▶ **WORK TASK**: Which lines of the data hold the word "beta"? Copy all of them.

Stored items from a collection
(* Let $N\ge3$, $\beta>-2$, $k_\infty>0$ and $p>p_S(\beta)$. There exists a unique $\bar v\in C^2(0,\infty)$ solving $$\bar v''+\frac{N-1}{r}\bar v'+k_\infty r^{\beta}\max\{\bar v,0\}^p=0\ \ (r>0),\qquad \lim_{r\to\infty}r^{N-2}\bar v(r)=1.$$ Moreover, $\bar r:=\sup\{r>0:\bar v(r)=0\}$ satisfies $0<\bar r<\infty$.
   Context: $p_S(\beta):=\frac{N+2+2\beta}{N-2}$. *)

theory Defs
  imports "HOL-Analysis.Analysis"
begin

definition p_S :: "nat \<Rightarrow> real \<Rightarrow> real" where
  "p_S N \<beta> = (real N + 2 + 2 * \<beta>) / (real N - 2)"

definition C2_on :: "real set \<Rightarrow> (real \<Rightarrow> real) \<Rightarrow> bool" where
  "C2_on S v \<longleftrightarrow> (\<forall>r\<in>S. v differentiable (at r)) \<and>
                   (\<forall>r\<in>S. deriv v differentiable (at r)) \<and>
                   continuous_on S (deriv (deriv v))"

definition radial_sol :: "nat \<Rightarrow> real \<Rightarrow> real \<Rightarrow> real \<Rightarrow> (real \<Rightarrow> real) \<Rightarrow> bool" where
  "radial_sol N \<beta> k p v \<longleftrightarrow>
     C2_on {0<..} v \<and>
     (\<forall>r>0. deriv (deriv v) r + (real N - 1) / r * deriv v r
             + k * r powr \<beta> * (max (v r) 0) powr p = 0) \<and>
     ((\<lambda>r. r ^ (N - 2) * v r) \<longlongrightarrow> 1) at_top"

end

theory Submission
  imports Defs
begin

▶ **WRITTEN ANSWER**:
(* Let $N\ge3$, $\beta>-2$, $k_\infty>0$ and $p>p_S(\beta)$. There exists a unique $\bar v\in C^2(0,\infty)$ solving $$\bar v''+\frac{N-1}{r}\bar v'+k_\infty r^{\beta}\max\{\bar v,0\}^p=0\ \ (r>0),\qquad \lim_{r\to\infty}r^{N-2}\bar v(r)=1.$$ Moreover, $\bar r:=\sup\{r>0:\bar v(r)=0\}$ satisfies $0<\bar r<\infty$.
   Context: $p_S(\beta):=\frac{N+2+2\beta}{N-2}$. *)
  "p_S N \<beta> = (real N + 2 + 2 * \<beta>) / (real N - 2)"
  "radial_sol N \<beta> k p v \<longleftrightarrow>
             + k * r powr \<beta> * (max (v r) 0) powr p = 0) \<and>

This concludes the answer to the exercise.